lemma odd_cross_nbhd_has_larger_block:
  assumes P: "gallai_partition Q part k k'" and a: "a \<in> Q"
    and card_a: "card (cross_nbhd Q part k a) = 2 * p + 1" and p: "2 \<le> p"
    and blocks: "\<forall>y\<in>cross_nbhd Q part k a. card (part y) = p \<or> card (part y) = p + 1"
  shows "\<exists>y\<in>cross_nbhd Q part k a. card (part y) = p + 1"
proof (rule ccontr)
  let ?X = "cross_nbhd Q part k a"
  assume "\<not> ?thesis"
  then have all_p: "card (part y) = p" if "y \<in> ?X" for y using blocks that by blast
  have B: "block_partition Q part" using gallai_partitionD(2)[OF P] .
  have fin: "finite ?X" using finite_cross_nbhd[OF P] .
  have sub: "part y \<subseteq> ?X" if "y \<in> ?X" for y using block_subset_cross_nbhd[OF P a that] .
  have disj: "part y \<inter> part z = {}" if "y \<in> ?X" "z \<in> ?X" "z \<notin> part y" for y z
    using block_partition_disjoint[OF B] that unfolding cross_nbhd_def by blast
  txt \<open>Removing two of the disjoint blocks of size p from X leaves a single vertex,
    which cannot contain a third block.\<close>
  have "?X \<noteq> {}" using card_a by auto
  then obtain y1 where y1: "y1 \<in> ?X" by blast
  have c1: "card (?X - part y1) = p + 1"
    using card_Diff_subset[OF finite_subset[OF sub[OF y1] fin] sub[OF y1]] all_p[OF y1] card_a by simp
  then obtain y2 where y2: "y2 \<in> ?X - part y1" by (metis card.empty add_is_0 ex_in_conv one_neq_zero)
  have "part y2 \<subseteq> ?X - part y1" using sub disj y1 y2 by blast
  then have "card (?X - part y1 - part y2) = 1"
    using card_Diff_subset[OF finite_subset[OF _ fin]] all_p y2 c1 by (simp add: subset_iff)
  then obtain y3 where y3: "?X - part y1 - part y2 = {y3}" by (rule card_1_singletonE)
  then have "y3 \<in> ?X" "y3 \<notin> part y1" "y3 \<notin> part y2" by auto
  then have "part y3 \<subseteq> ?X" "part y1 \<inter> part y3 = {}" "part y2 \<inter> part y3 = {}"
    using sub disj y1 y2 by auto
  then have "part y3 \<subseteq> {y3}" unfolding y3[symmetric] by blast
  then have "card (part y3) \<le> 1" using card_mono[of "{y3}" "part y3"] by simp
  then show False using all_p[OF \<open>y3 \<in> ?X\<close>] p by linarith
qed

lemma large_blocks_odd_contra:
  assumes P: "gallai_partition Q part i j" and ij: "i \<noteq> j"
    and bounded: "\<forall>z\<in>Q. card (cross_nbhd Q part i z) \<le> n \<and> card (cross_nbhd Q part j z) \<le> n"
    and n: "n = 2 * p + 1" and Q: "5 * p + 2 \<le> card Q" and p: "2 \<le> p"
    and a: "a \<in> Q" "2 * card (part a) \<le> n"
  shows False
proof -
  have P': "gallai_partition Q part j i" using gallai_partition_swap[OF P] .
  have Qn: "2 * n < card Q" using n Q p by linarith
  have min_block: "p \<le> card (part u)" if "u \<in> Q" for u
    using card_le_cross_nbhds[OF P that] bounded that n Q by fastforce
  have "card (cross_nbhd Q part i a) = 2 * p + 1" "card (cross_nbhd Q part j a) = 2 * p + 1"
    "card (part a) = p"
    using card_le_cross_nbhds[OF P a(1)] bounded a n Q by fastforce+
  moreover have "card (part u) \<le> p + 1" if "u \<in> Q" "u \<notin> part a" for u
    using two_blocks_card_le[OF P bounded Qn a(1) that] calculation(3) n by linarith
  then have blocks: "\<forall>y\<in>cross_nbhd Q part k a. card (part y) = p \<or> card (part y) = p + 1" for k
    using min_block unfolding cross_nbhd_def by fastforce
  ultimately obtain y z where y: "y \<in> cross_nbhd Q part i a" "card (part y) = p + 1"
      and z: "z \<in> cross_nbhd Q part j a" "card (part z) = p + 1"
    using odd_cross_nbhd_has_larger_block[OF P a(1) _ p] odd_cross_nbhd_has_larger_block[OF P' a(1) _ p]
    by meson
  have yz: "y \<in> Q" "z \<in> Q" using y z cross_nbhd_def by auto
  have "z \<notin> part y"
  proof
    assume "z \<in> part y"
    then have "z \<in> cross_nbhd Q part i a" using block_subset_cross_nbhd[OF P a(1) y(1)] by blast
    then show False using z(1) ij cross_nbhd_def by auto
  qed
  then have "card (part y) + card (part z) \<le> n" using two_blocks_card_le[OF P bounded Qn yz] by blast
  then show False using y z n by linarith
qed

lemma large_blocks_contra:
  assumes P: "gallai_partition Q part i j" and ij: "i \<noteq> j"
    and nontrivial: "\<exists>x\<in>Q. \<exists>y\<in>Q. y \<notin> part x" and large: "\<forall>x\<in>Q. m + 1 \<le> card (part x)"
    and n: "n = 2 * p + e" "e \<le> 1" and Q: "5 * p + e + 1 \<le> card Q" and p: "2 \<le> p"
  shows False
proof -
  have Qn: "2 * n < card Q" using n Q p by linarith
  have bounded: "\<forall>z\<in>Q. card (cross_nbhd Q part i z) \<le> n \<and> card (cross_nbhd Q part j z) \<le> n"
    using cross_nbhd_le_of_large_block[OF P] large by blast
  obtain x y where xy: "x \<in> Q" "y \<in> Q" "y \<notin> part x" using nontrivial by blast
  have "card (part x) + card (part y) \<le> n" using two_blocks_card_le[OF P bounded Qn xy] .
  then obtain a where a: "a \<in> Q" "2 * card (part a) \<le> n"
    using xy(1,2) by (metis add_le_mono le_add2 le_trans mult_2 nat_le_linear)
  show False
  proof (cases "e = 0")
    case True
    then show False using card_le_cross_nbhds[OF P a(1)] bounded a n Q by fastforce
  next
    case False
    then show False using large_blocks_odd_contra[OF P ij bounded _ _ p a] n Q by simp
  qed
qed

text \<open>A block of size at most m leads to a contradiction through its dominant cross color;
  if all blocks are larger, the two-colored reduced graph is too small to cover Q.\<close>

theorem gallai_partition_contra:
  assumes P: "gallai_partition Q part i j" and ij: "i \<noteq> j"
    and nontrivial: "\<exists>x\<in>Q. \<exists>y\<in>Q. y \<notin> part x" and blocks: "\<forall>x\<in>Q. card (part x) \<le> n + m"
    and n: "n = 2 * p + e" "e \<le> 1" and Q: "5 * p + e + 1 \<le> card Q" and n_large: "6 * m + 7 \<le> n"
  shows False
proof (cases "\<exists>x\<in>Q. card (part x) \<le> m")
  case True
  then obtain x where x: "x \<in> Q" "card (part x) \<le> m" by blast
  have Q1: "2 * n + 2 * m + 3 \<le> card Q" and Q2: "4 * m + 1 \<le> card Q" and mn: "m \<le> n"
    using n Q n_large by linarith+
  show False
  proof (cases "card (cross_nbhd Q part j x) \<le> card (cross_nbhd Q part i x)")
    case True
    then show False using small_block_contra[OF P blocks mn Q1 Q2 x] by blast
  next
    case False
    then show False using small_block_contra[OF gallai_partition_swap[OF P] blocks mn Q1 Q2 x] by simp
  qed
next
  case False
  then have "\<forall>x\<in>Q. m + 1 \<le> card (part x)" by auto
  moreover have "2 \<le> p" using n n_large by linarith
  ultimately show False using large_blocks_contra[OF P ij nontrivial _ n Q] by blast
qed

lemma exists_gallai_partition_two_colors:
  assumes "finite Q" "Q \<subseteq> {..<N}" "2 \<le> card Q"
  obtains part i j where "gallai_partition Q part i j" "i \<noteq> j" "\<exists>x\<in>Q. \<exists>y\<in>Q. y \<notin> part x"
proof -
  obtain part r b where P: "gallai_partition Q part r b" and nontrivial: "\<exists>x\<in>Q. \<exists>y\<in>Q. y \<notin> part x"
    using exists_gallai_partition[OF assms] by blast
  show thesis
  proof (cases "r = b")
    case True
    then show thesis using that[of part r "Suc r"] gallai_partition_one_color P nontrivial by simp
  next
    case False
    then show thesis using that P nontrivial by blast
  qed
qed

definition homogeneous :: "nat set \<Rightarrow> bool" where
  "homogeneous Q \<longleftrightarrow> Q \<subseteq> {..<N} \<and> (\<forall>z\<in>{..<N} - Q. \<forall>x\<in>Q. \<forall>y\<in>Q. c z x = c z y)"

definition outer_colors :: "nat set \<Rightarrow> nat \<Rightarrow> nat set" where
  "outer_colors Q q0 = (\<lambda>z. c z q0) ` ({..<N} - Q)"

lemma homogeneous_block:
  assumes H: "homogeneous Q" and P: "gallai_partition Q part r b" and x: "x \<in> Q"
  shows "homogeneous (part x)"
  unfolding homogeneous_def
proof (intro conjI ballI)
  show "part x \<subseteq> {..<N}" using H block_subset[OF P x] unfolding homogeneous_def by blast
  fix z x1 x2 assume z: "z \<in> {..<N} - part x" and x12: "x1 \<in> part x" "x2 \<in> part x"
  show "c z x1 = c z x2"
  proof (cases "z \<in> Q")
    case True
    then show ?thesis using gallai_partitionD(4)[OF P x True] x12 z by simp
  next
    case False
    then show ?thesis using H z x12 block_subset[OF P x] unfolding homogeneous_def by blast
  qed
qed

text \<open>Otherwise an outside vertex w of color i towards Q, with leaves in Q, and q, with leaves
  among the other such outside vertices and the i-neighbours of q, centre a monochromatic
  S(n,m).\<close>

lemma homogeneous_outer_count:
  assumes H: "homogeneous Q" and Q: "n + m + 1 \<le> card Q" and q: "q0 \<in> Q" "q \<in> Q"
    and i: "i \<in> outer_colors Q q0"
  shows "deg i Q q + card {z\<in>{..<N} - Q. c z q0 = i} \<le> m"
proof (rule ccontr)
  assume big: "\<not> ?thesis"
  let ?O = "{z\<in>{..<N} - Q. c z q0 = i}"
  obtain w where w: "w \<in> ?O" using i unfolding outer_colors_def by blast
  have QN: "Q \<subseteq> {..<N}" using H homogeneous_def by blast
  have same: "c z x = c z q0" if "z \<in> {..<N} - Q" "x \<in> Q" for z x
    using H that q(1) unfolding homogeneous_def by blast
  have N: "w < N" "q < N" "w \<noteq> q" using w QN q by auto
  have c_wq: "c w q = i" using same w q(2) by auto
  have U: "Q - {q} \<subseteq> {x. x < N \<and> x \<noteq> w \<and> x \<noteq> q \<and> c w x = i}"
    using QN w same by auto
  have W: "(?O - {w}) \<union> nbhd i Q q \<subseteq> {x. x < N \<and> x \<noteq> w \<and> x \<noteq> q \<and> c q x = i}"
    using QN w same color_sym q(2) unfolding nbhd_def by (auto simp: subset_iff)
  have fin: "finite Q" "finite ?O" using QN finite_subset by auto
  have "card ((?O - {w}) \<union> nbhd i Q q) = card ?O - 1 + deg i Q q"
    using fin finite_nbhd[OF QN] w by (subst card_Un_disjoint) (auto simp: nbhd_def)
  moreover have "1 \<le> card ?O" using w fin(2) by (metis One_nat_def Suc_leI card_gt_0_iff empty_iff)
  ultimately have cW: "m \<le> card ((?O - {w}) \<union> nbhd i Q q)" using big by linarith
  have cU: "n + m \<le> card (Q - {q})" using Q q fin by simp
  then have "n + m \<le> card ((Q - {q}) \<union> ((?O - {w}) \<union> nbhd i Q q))"
    using fin finite_nbhd[OF QN] card_mono[of _ "Q - {q}"] by (meson Un_upper1 finite_Diff
        finite_UnI le_trans)
  then show False
    using no_double_star_leaf_sets[OF N c_wq U W _ cW] cU by linarith
qed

--

WHAT YOU SHOULD DO: No line before the one containing "using fin finite_nbhd[OF QN] card_mono[of" should be copied; restate that line and all the rest through the end of the data above word for word.

RESPONSE TO THIS EXERCISE:
    using fin finite_nbhd[OF QN] card_mono[of _ "Q - {q}"] by (meson Un_upper1 finite_Diff
        finite_UnI le_trans)
  then show False
    using no_double_star_leaf_sets[OF N c_wq U W _ cW] cU by linarith
qed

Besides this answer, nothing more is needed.